(Exercise objective) Look through the entries below, please, and copy every line with the word "such".

(Records for this exercise)

(* The $K_3$-WORM feasible sets of $K_3$-WORM-colorable graphs may contain arbitrarily large gaps: for every positive integer $m$ there exist a $K_3$-WORM-colorable graph $G$ and an integer $a$ such that $W^-(G,K_3)<a$, $a+m-1<W^+(G,K_3)$, and none of $a,a+1,\dots,a+m-1$ belongs to $\Phi_W(G,K_3)$.
   Context: A $K_3$-WORM coloring of a graph $G$ is an assignment of colors to the vertices of $G$ such that the three vertices of every triangle of $G$ receive exactly two distinct colors. $G$ is $K_3$-WORM-colorable if it has such a coloring; then $W^-(G,K_3)$ and $W^+(G,K_3)$ are the minimum and maximum number of colors used in a $K_3$-WORM coloring of $G$, and the feasible set $\Phi_W(G,K_3)$ is the set of integers $s$ such that $G$ has a $K_3$-WORM coloring using exactly $s$ colors. $G$ has a gap at $k$ if $W^-(G,K_3)<k<W^+(G,K_3)$ and $k\notin\Phi_W(G,K_3)$. *)

theory Defs
  imports Main
begin

definition simple_graph :: "'a set \<Rightarrow> ('a \<Rightarrow> 'a \<Rightarrow> bool) \<Rightarrow> bool" where
  "simple_graph V E \<longleftrightarrow> finite V \<and> (\<forall>u v. E u v \<longrightarrow> u \<in> V \<and> v \<in> V) \<and>
     (\<forall>u v. E u v \<longrightarrow> E v u) \<and> (\<forall>v. \<not> E v v)"

definition triangle :: "('a \<Rightarrow> 'a \<Rightarrow> bool) \<Rightarrow> 'a \<Rightarrow> 'a \<Rightarrow> 'a \<Rightarrow> bool" where
  "triangle E x y z \<longleftrightarrow> E x y \<and> E y z \<and> E x z"

definition worm_coloring :: "'a set \<Rightarrow> ('a \<Rightarrow> 'a \<Rightarrow> bool) \<Rightarrow> ('a \<Rightarrow> nat) \<Rightarrow> bool" where
  "worm_coloring V E c \<longleftrightarrow>
     (\<forall>x y z. triangle E x y z \<longrightarrow> card {c x, c y, c z} = 2)"

definition num_colors :: "'a set \<Rightarrow> ('a \<Rightarrow> nat) \<Rightarrow> nat" where
  "num_colors V c = card (c ` V)"

definition worm_colorable :: "'a set \<Rightarrow> ('a \<Rightarrow> 'a \<Rightarrow> bool) \<Rightarrow> bool" where
  "worm_colorable V E \<longleftrightarrow> (\<exists>c. worm_coloring V E c)"

definition worm_feasible :: "'a set \<Rightarrow> ('a \<Rightarrow> 'a \<Rightarrow> bool) \<Rightarrow> nat set" where
  "worm_feasible V E = {s. \<exists>c. worm_coloring V E c \<and> num_colors V c = s}"

definition worm_min :: "'a set \<Rightarrow> ('a \<Rightarrow> 'a \<Rightarrow> bool) \<Rightarrow> nat" where
  "worm_min V E = Min (worm_feasible V E)"

definition worm_max :: "'a set \<Rightarrow> ('a \<Rightarrow> 'a \<Rightarrow> bool) \<Rightarrow> nat" where
  "worm_max V E = Max (worm_feasible V E)"

end

theory Submission imports Defs "HOL-Library.Countable" begin

text \<open>Two adjacent hubs X, Y; for every j < N a K4 on A j, B j, C j, D j whose edge
  A j B j forms triangles with both hubs; and for i < j a vertex Z i j adjacent to
  A i, B i, A j, C j, D j. If the hubs get different colours, every vertex is forced into
  their two colours. If they share a colour, each pair A j, B j is monochromatic in a new
  colour, and Z i j is forced to carry the colour of A j while being adjacent to the
  monochromatic edge A i B i; hence the N pairs use N distinct colours besides that of the
  hubs. So no coloring uses between 3 and N colours, while both extremes are realised.\<close>

lemma card_three_eq_two_iff:
  "card {a, b, c} = 2 \<longleftrightarrow> (a = b \<and> b \<noteq> c) \<or> (a \<noteq> b \<and> (a = c \<or> b = c))"
  by (auto simp: card_insert_if)

(* Qualified: Countable brings Nat_Bijection.triangle into scope. *)
lemma worm_coloring_triangle:
  assumes "worm_coloring V E c" "E x y" "E y z" "E x z"
  shows "(c x = c y \<and> c y \<noteq> c z) \<or> (c x \<noteq> c y \<and> (c x = c z \<or> c y = c z))"
  using assms unfolding worm_coloring_def Defs.triangle_def card_three_eq_two_iff by blast

lemma worm_colorable_iff_feasible_nonempty:
  "worm_colorable V E \<longleftrightarrow> worm_feasible V E \<noteq> {}"
  unfolding worm_colorable_def worm_feasible_def by blast

lemma finite_worm_feasible:
  assumes "finite V"
  shows "finite (worm_feasible V E)"
proof (rule finite_subset)
  show "worm_feasible V E \<subseteq> {..card V}"
    using card_image_le[OF assms] by (auto simp: worm_feasible_def num_colors_def)
qed simp

definition map_edges :: "('a \<Rightarrow> 'b) \<Rightarrow> ('a \<Rightarrow> 'a \<Rightarrow> bool) \<Rightarrow> 'b \<Rightarrow> 'b \<Rightarrow> bool" where
  "map_edges f E u v \<longleftrightarrow> (\<exists>x y. u = f x \<and> v = f y \<and> E x y)"

lemma simple_graph_map_edges:
  assumes "inj f" "simple_graph V E"
  shows "simple_graph (f ` V) (map_edges f E)"
  using assms unfolding simple_graph_def map_edges_def by (auto 0 4 dest: injD)

lemma triangle_map_edges:
  assumes "inj f"
  shows "Defs.triangle (map_edges f E) u v w \<longleftrightarrow>
    (\<exists>x y z. u = f x \<and> v = f y \<and> w = f z \<and> Defs.triangle E x y z)"
  unfolding Defs.triangle_def map_edges_def using injD[OF assms] by blast

lemma worm_coloring_map_edges:
  assumes "inj f"
  shows "worm_coloring (f ` V) (map_edges f E) c \<longleftrightarrow> worm_coloring V E (c \<circ> f)"
  unfolding worm_coloring_def triangle_map_edges[OF assms] by (auto; blast)

lemma worm_feasible_map_edges:
  assumes "inj f"
  shows "worm_feasible (f ` V) (map_edges f E) = worm_feasible V E"
proof -
  have colors: "num_colors (f ` V) c = num_colors V (c \<circ> f)" for c :: "_ \<Rightarrow> nat"
    by (simp add: num_colors_def image_comp)
  have "c \<circ> inv f \<circ> f = c" for c :: "_ \<Rightarrow> nat"
    using assms by (simp add: fun_eq_iff)
  then have "(\<exists>c. worm_coloring V E (c \<circ> f) \<and> num_colors V (c \<circ> f) = s) \<longleftrightarrow>
      (\<exists>c. worm_coloring V E c \<and> num_colors V c = s)" for s
    by metis
  then show ?thesis
    unfolding worm_feasible_def worm_coloring_map_edges[OF assms] colors by blast
qed

datatype vertex = X | Y | A nat | B nat | C nat | D nat | Z nat nat

instance vertex :: countable by countable_datatype

fun gap_edge :: "nat \<Rightarrow> vertex \<Rightarrow> vertex \<Rightarrow> bool" where
  "gap_edge N X Y = True"
| "gap_edge N X (A j) = (j < N)"
| "gap_edge N X (B j) = (j < N)"
| "gap_edge N Y (A j) = (j < N)"
| "gap_edge N Y (B j) = (j < N)"
| "gap_edge N (A i) (B j) = (i = j \<and> j < N)"
| "gap_edge N (A i) (C j) = (i = j \<and> j < N)"
| "gap_edge N (A i) (D j) = (i = j \<and> j < N)"
| "gap_edge N (B i) (C j) = (i = j \<and> j < N)"
| "gap_edge N (B i) (D j) = (i = j \<and> j < N)"
| "gap_edge N (C i) (D j) = (i = j \<and> j < N)"
| "gap_edge N (Z i j) (A k) = (i < j \<and> j < N \<and> (k = i \<or> k = j))"
| "gap_edge N (Z i j) (B k) = (i < j \<and> j < N \<and> k = i)"
| "gap_edge N (Z i j) (C k) = (i < j \<and> j < N \<and> k = j)"
| "gap_edge N (Z i j) (D k) = (i < j \<and> j < N \<and> k = j)"
| "gap_edge N _ _ = False"

definition gap_adj :: "nat \<Rightarrow> vertex \<Rightarrow> vertex \<Rightarrow> bool" where
  "gap_adj N u v \<longleftrightarrow> gap_edge N u v \<or> gap_edge N v u"

definition gap_vertices :: "nat \<Rightarrow> vertex set" where
  "gap_vertices N = {X, Y} \<union> A ` {..<N} \<union> B ` {..<N} \<union> C ` {..<N} \<union> D ` {..<N}
     \<union> case_prod Z ` {(i, j). i < j \<and> j < N}"

lemma finite_gap_vertices: "finite (gap_vertices N)"
proof -
  have "{(i, j). i < j \<and> j < N} \<subseteq> {..<N} \<times> {..<N}" by auto
  then have "finite {(i, j). i < j \<and> j < (N::nat)}" by (rule finite_subset) auto
  then show ?thesis unfolding gap_vertices_def by auto
qed

lemma simple_graph_gap: "simple_graph (gap_vertices N) (gap_adj N)"
proof -
  have "gap_edge N u v \<Longrightarrow> u \<in> gap_vertices N \<and> v \<in> gap_vertices N" for u v
    by (cases u; cases v) (auto simp: gap_vertices_def)
  moreover have "\<not> gap_edge N v v" for v
    by (cases v) auto
  ultimately show ?thesis
    using finite_gap_vertices by (auto simp: simple_graph_def gap_adj_def)
qed

lemma hub_colors_distinct_two_colors:
  assumes w: "worm_coloring V (gap_adj N) c" and ne: "c X \<noteq> c Y"
  shows "c ` gap_vertices N \<subseteq> {c X, c Y}"
proof -
  note tri = worm_coloring_triangle[OF w]
  have AB: "c (A j) \<in> {c X, c Y} \<and> c (B j) \<in> {c X, c Y} \<and> c (A j) \<noteq> c (B j)" if "j < N" for j
  proof -
    have A: "c (A j) \<in> {c X, c Y}" and "c (B j) \<in> {c X, c Y}"
      using tri[of X Y "A j"] tri[of X Y "B j"] that ne by (auto simp: gap_adj_def)
    moreover have "c (A j) \<noteq> c (B j)"
      using tri[of X "A j" "B j"] tri[of Y "A j" "B j"] that A by (auto simp: gap_adj_def)
    ultimately show ?thesis by blast
  qed
  have CD: "c (C j) \<in> {c X, c Y} \<and> c (D j) \<in> {c X, c Y}" if "j < N" for j
    using AB[OF that] tri[of "A j" "B j" "C j"] tri[of "A j" "B j" "D j"] that
    by (auto simp: gap_adj_def)
  have Z: "c (Z i j) \<in> {c X, c Y}" if "i < j" "j < N" for i j
    using AB[of i] tri[of "Z i j" "A i" "B i"] that by (auto simp: gap_adj_def)
  show ?thesis unfolding gap_vertices_def using AB CD Z by auto
qed

lemma hub_colors_equal_pair:
  assumes w: "worm_coloring V (gap_adj N) c" and eq: "c X = c Y" and j: "j < N"
  shows "c (A j) \<noteq> c X \<and> c (A j) = c (B j)"
proof -
  note tri = worm_coloring_triangle[OF w]
  have "c (A j) \<noteq> c X" "c (B j) \<noteq> c X"
    using tri[of X Y "A j"] tri[of X Y "B j"] j eq by (auto simp: gap_adj_def)
  then show ?thesis
    using tri[of X "A j" "B j"] j by (auto simp: gap_adj_def)
qed

text \<open>Z i j inherits the colour of A j via the K4 on A j .. D j, but must differ from the
  common colour of A i and B i.\<close>
lemma hub_colors_equal_pairs_distinct:
  assumes w: "worm_coloring V (gap_adj N) c" and eq: "c X = c Y" and ij: "i < j" "j < N"
  shows "c (A i) \<noteq> c (A j)"
proof -
  note tri = worm_coloring_triangle[OF w] and pair = hub_colors_equal_pair[OF w eq]
  have C: "c (C j) \<noteq> c (A j)" and "c (D j) \<noteq> c (A j)"
    using pair[OF ij(2)] tri[of "A j" "B j" "C j"] tri[of "A j" "B j" "D j"] ij
    by (auto simp: gap_adj_def)
  then have "c (C j) = c (D j)"
    using tri[of "A j" "C j" "D j"] ij by (auto simp: gap_adj_def)
  then have "c (Z i j) \<noteq> c (C j)"
    using tri[of "Z i j" "C j" "D j"] ij by (auto simp: gap_adj_def)
  then have "c (Z i j) = c (A j)"
    using tri[of "Z i j" "A j" "C j"] ij C by (auto simp: gap_adj_def)
  then show ?thesis
    using pair[of i] tri[of "Z i j" "A i" "B i"] ij by (auto simp: gap_adj_def)
qed

lemma hub_colors_equal_many_colors:
  assumes w: "worm_coloring V (gap_adj N) c" and eq: "c X = c Y"
  shows "Suc N \<le> card (c ` gap_vertices N)"
proof -
  note distinct = hub_colors_equal_pairs_distinct[OF w eq]
  have "inj_on (\<lambda>j. c (A j)) {..<N}"
  proof (rule inj_onI)
    fix i j assume "i \<in> {..<N}" "j \<in> {..<N}" "c (A i) = c (A j)"
    then show "i = j" using distinct[of i j] distinct[of j i] by (cases i j rule: linorder_cases) auto
  qed
  moreover have "c X \<notin> (\<lambda>j. c (A j)) ` {..<N}"
    using hub_colors_equal_pair[OF w eq] by (metis imageE lessThan_iff)
  ultimately have "card (insert (c X) ((\<lambda>j. c (A j)) ` {..<N})) = Suc N"
    by (simp add: card_image)
  moreover have "insert (c X) ((\<lambda>j. c (A j)) ` {..<N}) \<subseteq> c ` gap_vertices N"
    unfolding gap_vertices_def by auto
  ultimately show ?thesis
    using card_mono[OF finite_imageI[OF finite_gap_vertices]] by metis
qed

lemma gap_feasible_subset: "worm_feasible (gap_vertices N) (gap_adj N) \<subseteq> {..2} \<union> {Suc N..}"
proof
  fix s assume "s \<in> worm_feasible (gap_vertices N) (gap_adj N)"
  then obtain c where w: "worm_coloring (gap_vertices N) (gap_adj N) c"
    and s: "s = card (c ` gap_vertices N)"
    by (auto simp: worm_feasible_def num_colors_def)
  show "s \<in> {..2} \<union> {Suc N..}"
  proof (cases "c X = c Y")
    case True
    then show ?thesis using hub_colors_equal_many_colors[OF w] s by simp
  next
    case False
    have "s \<le> card {c X, c Y}"
      unfolding s using hub_colors_distinct_two_colors[OF w False] by (intro card_mono) auto
    also have "\<dots> \<le> 2" by (simp add: card_insert_if)
    finally show ?thesis by simp
  qed
qed

fun two_coloring :: "vertex \<Rightarrow> nat" where
  "two_coloring X = 0" | "two_coloring (A j) = 0" | "two_coloring (C j) = 0"
| "two_coloring _ = 1"

fun pair_coloring :: "vertex \<Rightarrow> nat" where
  "pair_coloring (A j) = Suc j" | "pair_coloring (B j) = Suc j" | "pair_coloring (Z i j) = Suc j"
| "pair_coloring _ = 0"

lemma worm_coloring_gapI:
  assumes "\<And>u v w. gap_adj N u v \<Longrightarrow> gap_adj N v w \<Longrightarrow> gap_adj N u w \<Longrightarrow> card {c u, c v, c w} = 2"
  shows "worm_coloring V (gap_adj N) c"
  using assms by (auto simp: worm_coloring_def Defs.triangle_def)

lemma worm_coloring_two_coloring: "worm_coloring V (gap_adj N) two_coloring"
proof (rule worm_coloring_gapI)
  fix u v w show "gap_adj N u v \<Longrightarrow> gap_adj N v w \<Longrightarrow> gap_adj N u w \<Longrightarrow>
      card {two_coloring u, two_coloring v, two_coloring w} = 2"
    by (cases u; cases v; cases w) (auto simp: gap_adj_def card_three_eq_two_iff)
qed

lemma worm_coloring_pair_coloring: "worm_coloring V (gap_adj N) pair_coloring"
proof (rule worm_coloring_gapI)
  fix u v w show "gap_adj N u v \<Longrightarrow> gap_adj N v w \<Longrightarrow> gap_adj N u w \<Longrightarrow>
      card {pair_coloring u, pair_coloring v, pair_coloring w} = 2"
    by (cases u; cases v; cases w) (auto simp: gap_adj_def card_three_eq_two_iff)
qed

lemma two_in_gap_feasible: "2 \<in> worm_feasible (gap_vertices N) (gap_adj N)"
proof -
  have "two_coloring ` gap_vertices N = {0, 1}"
    using hub_colors_distinct_two_colors[OF worm_coloring_two_coloring, of N]
    by (auto simp: gap_vertices_def)
  then show ?thesis
    using worm_coloring_two_coloring
    unfolding worm_feasible_def num_colors_def by fastforce
qed

lemma large_in_gap_feasible:
  "\<exists>s\<in>worm_feasible (gap_vertices N) (gap_adj N). Suc N \<le> s"
  using worm_coloring_pair_coloring
    hub_colors_equal_many_colors[OF worm_coloring_pair_coloring, of N]
  unfolding worm_feasible_def num_colors_def by auto

theorem mainTheorem4:
  fixes m :: nat
  assumes "m \<ge> 1"
  shows "\<exists>(V :: nat set) E a. simple_graph V E \<and> worm_colorable V E \<and>
           worm_min V E < a \<and> a + m - 1 < worm_max V E \<and>
           (\<forall>k\<in>{a..a + m - 1}. k \<notin> worm_feasible V E)"
proof -
  define N where "N = m + 2"
  define V where "V = to_nat ` gap_vertices N"
  define E where "E = map_edges to_nat (gap_adj N)"
  have F: "worm_feasible V E = worm_feasible (gap_vertices N) (gap_adj N)"
    unfolding V_def E_def by (simp add: worm_feasible_map_edges)
  have fin: "finite (worm_feasible V E)"
    unfolding F by (rule finite_worm_feasible[OF finite_gap_vertices])
  obtain s where s: "s \<in> worm_feasible V E" "Suc N \<le> s"
    using large_in_gap_feasible F by metis
  have two: "2 \<in> worm_feasible V E"
    unfolding F by (rule two_in_gap_feasible)
  have "simple_graph V E"
    unfolding V_def E_def by (simp add: simple_graph_map_edges simple_graph_gap)
  moreover from two have "worm_colorable V E"
    by (auto simp: worm_colorable_iff_feasible_nonempty)
  moreover have "worm_min V E < 3"
    using Min_le[OF fin two] by (simp add: worm_min_def)
  moreover have "3 + m - 1 < worm_max V E"
    using Max_ge[OF fin s(1)] s(2) by (simp add: worm_max_def N_def)
  moreover have "\<forall>k\<in>{3..3 + m - 1}. k \<notin> worm_feasible V E"
    using gap_feasible_subset[of N] by (auto simp: F N_def)
  ultimately show ?thesis by blast
qed

end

(Response area)
(* The $K_3$-WORM feasible sets of $K_3$-WORM-colorable graphs may contain arbitrarily large gaps: for every positive integer $m$ there exist a $K_3$-WORM-colorable graph $G$ and an integer $a$ such that $W^-(G,K_3)<a$, $a+m-1<W^+(G,K_3)$, and none of $a,a+1,\dots,a+m-1$ belongs to $\Phi_W(G,K_3)$.
   Context: A $K_3$-WORM coloring of a graph $G$ is an assignment of colors to the vertices of $G$ such that the three vertices of every triangle of $G$ receive exactly two distinct colors. $G$ is $K_3$-WORM-colorable if it has such a coloring; then $W^-(G,K_3)$ and $W^+(G,K_3)$ are the minimum and maximum number of colors used in a $K_3$-WORM coloring of $G$, and the feasible set $\Phi_W(G,K_3)$ is the set of integers $s$ such that $G$ has a $K_3$-WORM coloring using exactly $s$ colors. $G$ has a gap at $k$ if $W^-(G,K_3)<k<W^+(G,K_3)$ and $k\notin\Phi_W(G,K_3)$. *)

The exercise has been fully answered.